Today, let's ask what meters measure. The
University of Houston's College of Engineering
presents this series about the machines that make
our civilization run, and the people whose
ingenuity created them.
Twenty-five hundred years ago
the Greek philospher Protagoras said, "Man is the
measure of all things." In that, he was closer to
literal truth than we might think. The gages and
meters we use to measure things usually begin by
copying our own senses. You can see that by looking
at our weights and measures. They all reflect, in
some way or another, what we see and feel.
A pound or a kilogram is roughly the mass of any
fairly dense material (like a rock or a piece of
metal) that we can comfortably hold in our hand.

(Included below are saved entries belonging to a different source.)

(* Let $\kappa>0$ (possibly depending on $\beta$) with $\tilde\kappa=\kappa\beta>\frac1\pi$, let $\beta>0$ be small enough, and let $\varphi_\beta$ be a minimizer of $F_{\beta,\kappa}$ in $\mathcal J$. Let $\frac T2$ be the point of $(0,1)$ such that $\varphi_\beta(\frac T2)=\frac\pi2$. Then $\varphi_\beta(x)=\pi-\varphi_\beta(T-x)$ for all $x\in[0,T]$; in particular $\varphi_\beta(T)=\pi$. Furthermore $\varphi_\beta(x+T)=\pi+\varphi_\beta(x)$ for all $x\in[0,1-T]$.
   Context: For parameters $\beta>0$ and $\kappa>0$ define, for $\varphi\in H^1((0,1))$, $$F_{\beta,\kappa}(\varphi)=\frac18\int_0^1\left(\varphi'(x)^2+\frac{1}{\beta^2}\sin^2\varphi(x)\right)dx-\frac{\kappa}{2}\int_0^1\varphi'(x)\,dx,$$ and $\mathcal J=\{\varphi\in H^1((0,1)):\varphi(0)=0\}$. (Minimizers are increasing, so the point $T/2$ is unique when it exists.) *)

theory Defs
  imports "HOL-Analysis.Analysis"
begin

text \<open>One-dimensional Sobolev space H^1((0,1)), via its continuous representative:
  phi has weak derivative g (g square integrable on (0,1)) iff
  phi x = phi 0 + integral of g over [0,x] for all x in [0,1].\<close>

definition has_H1_deriv :: "(real \<Rightarrow> real) \<Rightarrow> (real \<Rightarrow> real) \<Rightarrow> bool" where
  "has_H1_deriv phi g \<longleftrightarrow>
     set_integrable lborel {0..1} g \<and>
     set_integrable lborel {0..1} (\<lambda>x. (g x)\<^sup>2) \<and>
     (\<forall>x\<in>{0..1}. phi x = phi 0 + (LINT t:{0..x}|lborel. g t))"

definition H1 :: "(real \<Rightarrow> real) set" where
  "H1 = {phi. \<exists>g. has_H1_deriv phi g}"

definition J_class :: "(real \<Rightarrow> real) set" where
  "J_class = {phi \<in> H1. phi 0 = 0}"
(* Let $H$ be a complex infinite-dimensional separable Hilbert space. A Bessel sequence $(f_n)_{n=1}^\infty$ in $H$ admits a finite extension to a frame (i.e. there is a finite sequence $(x_n)_{n=1}^k$ in $H$ such that $x_1,\dots,x_k,f_1,f_2,\dots$ is a frame for $H$) if and only if there exists a Bessel sequence in $H$ that is essentially dual to $(f_n)_{n=1}^\infty$.
   Context: Bessel sequences $(f_n)$ and $(g_n)$ in $H$ with analysis operators $U$ and $V$ (where $Ux=(\langle x,f_n\rangle)_n\in\ell^2$, $Vx=(\langle x,g_n\rangle)_n\in\ell^2$) are called essentially dual to each other if $I-V^*U$ is a compact operator on $H$. *)

theory Defs
  imports "HOL-Analysis.Analysis"
begin

text \<open>HOL-Analysis has no complex inner product spaces, so we introduce the standard
axioms of a complex inner product space (inner product linear in the first argument,
conjugate linear in the second), whose norm is the induced one.\<close>

class complex_inner = real_normed_vector +
  fixes scaleC :: "complex \<Rightarrow> 'a \<Rightarrow> 'a" (infixr \<open>*\<^sub>C\<close> 75)
    and cinner :: "'a \<Rightarrow> 'a \<Rightarrow> complex"
  assumes scaleC_add_right: "a *\<^sub>C (x + y) = a *\<^sub>C x + a *\<^sub>C y"
    and scaleC_add_left: "(a + b) *\<^sub>C x = a *\<^sub>C x + b *\<^sub>C x"
    and scaleC_scaleC: "a *\<^sub>C (b *\<^sub>C x) = (a * b) *\<^sub>C x"
    and scaleC_one: "1 *\<^sub>C x = x"
    and scaleC_of_real: "complex_of_real r *\<^sub>C x = r *\<^sub>R x"
    and cinner_commute: "cinner x y = cnj (cinner y x)"
    and cinner_add_left: "cinner (x + y) z = cinner x z + cinner y z"
    and cinner_scaleC_left: "cinner (a *\<^sub>C x) y = a * cinner x y"
    and cinner_ge_zero: "Im (cinner x x) = 0 \<and> Re (cinner x x) \<ge> 0"
    and cinner_eq_zero_iff: "cinner x x = 0 \<longleftrightarrow> x = 0"
    and norm_eq_sqrt_cinner: "norm x = sqrt (Re (cinner x x))"

class complex_hilbert = complex_inner + complete_space

definition separable_type :: "'a::metric_space itself \<Rightarrow> bool" where
  "separable_type _ \<longleftrightarrow> (\<exists>D::'a set. countable D \<and> closure D = UNIV)"

definition finite_dim_complex :: "'a::complex_inner itself \<Rightarrow> bool" where
  "finite_dim_complex _ \<longleftrightarrow>
     (\<exists>F::'a set. finite F \<and> (\<forall>x. \<exists>c. x = (\<Sum>v\<in>F. c v *\<^sub>C v)))"

definition bessel_seq :: "(nat \<Rightarrow> 'a::complex_inner) \<Rightarrow> bool" where
  "bessel_seq f \<longleftrightarrow> (\<exists>B>0. \<forall>x. summable (\<lambda>n. (cmod (cinner x (f n)))\<^sup>2) \<and>
       (\<Sum>n. (cmod (cinner x (f n)))\<^sup>2) \<le> B * (norm x)\<^sup>2)"

definition frame_seq :: "(nat \<Rightarrow> 'a::complex_inner) \<Rightarrow> bool" where
  "frame_seq f \<longleftrightarrow> (\<exists>A B. 0 < A \<and> (\<forall>x. summable (\<lambda>n. (cmod (cinner x (f n)))\<^sup>2) \<and>
       A * (norm x)\<^sup>2 \<le> (\<Sum>n. (cmod (cinner x (f n)))\<^sup>2) \<and>
       (\<Sum>n. (cmod (cinner x (f n)))\<^sup>2) \<le> B * (norm x)\<^sup>2))"

text \<open>V^* U x = sum_n <x,f_n> g_n, where U, V are the analysis operators of f, g.\<close>
definition cross_frame_op :: "(nat \<Rightarrow> 'a::complex_inner) \<Rightarrow> (nat \<Rightarrow> 'a) \<Rightarrow> 'a \<Rightarrow> 'a" where
  "cross_frame_op f g x = (\<Sum>n. cinner x (f n) *\<^sub>C g n)"

definition compact_operator :: "('a::real_normed_vector \<Rightarrow> 'a) \<Rightarrow> bool" where
  "compact_operator T \<longleftrightarrow> compact (closure (T ` cball 0 1))"

definition essentially_dual :: "(nat \<Rightarrow> 'a::complex_inner) \<Rightarrow> (nat \<Rightarrow> 'a) \<Rightarrow> bool" where
  "essentially_dual f g \<longleftrightarrow> bessel_seq f \<and> bessel_seq g \<and>
     compact_operator (\<lambda>x. x - cross_frame_op f g x)"

end

theory Submission
  imports Defs
begin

The inch, foot, yard, and meter all correspond with
various body parts.
The mile and kilometer also have a meaning that
comes clear in parts of rural America where people
talk about the distance of a see. Ask someone in
Eastern Kentucky how far it is into town and she
might say, "Oh, 'bout two sees." She means you
should look down the road as far as you can see.
Where your vision runs out, you spot say, an oak
tree. You walk to it and look again. There, in the
distance, is the town, just two sees away. How far
is a see? Of course it varies but, even in flat
terrain, our ability to make things out usually
ends after about a mile or a kilometer.
Degrees Fahrenheit or
Celsius are about the smallest increments of
temperature we can feel. (We can usually feel a
one-degree fever.) We can sense about one volt with
our tongue. Our ears are sensitive to about one
pound per square inch of pressure change.
The kilowatt and horsepower are pretty similar --
roughly the power most people
can produce in a short sprint up the stairs. By
the way, when James Watt specified the unit of a
horsepower he made it less than the work of a real
horse so his engines would seem more powerful. Not
only is the kilowatt or horsepower close to the
maximum power you or I can produce in a short
burst; it's also the most power we can tangle with
without being hurt. It's close to the rate the sun
pours energy on us when we tan ourselves on the
beach. It's like the rate we consume energy when we
take a hot shower.
So our meters replicate us. Like us, their accuracy
runs out beyond a point. Like us, their range and
scope is limited. Our instrument-based science
rightly claims to be the best means we have for
describing physical reality at any moment. But, as
objective as science tries to be, it's a science
that necessarily carries a human slant. The science
we practice is a science that describes a world
with us in it.
That's why our science and our science-based
engineering ultimately serve us so well. They
mirror human needs and nature just because they're
based on measurements that have never been too far
from human needs, or from our human dimensions.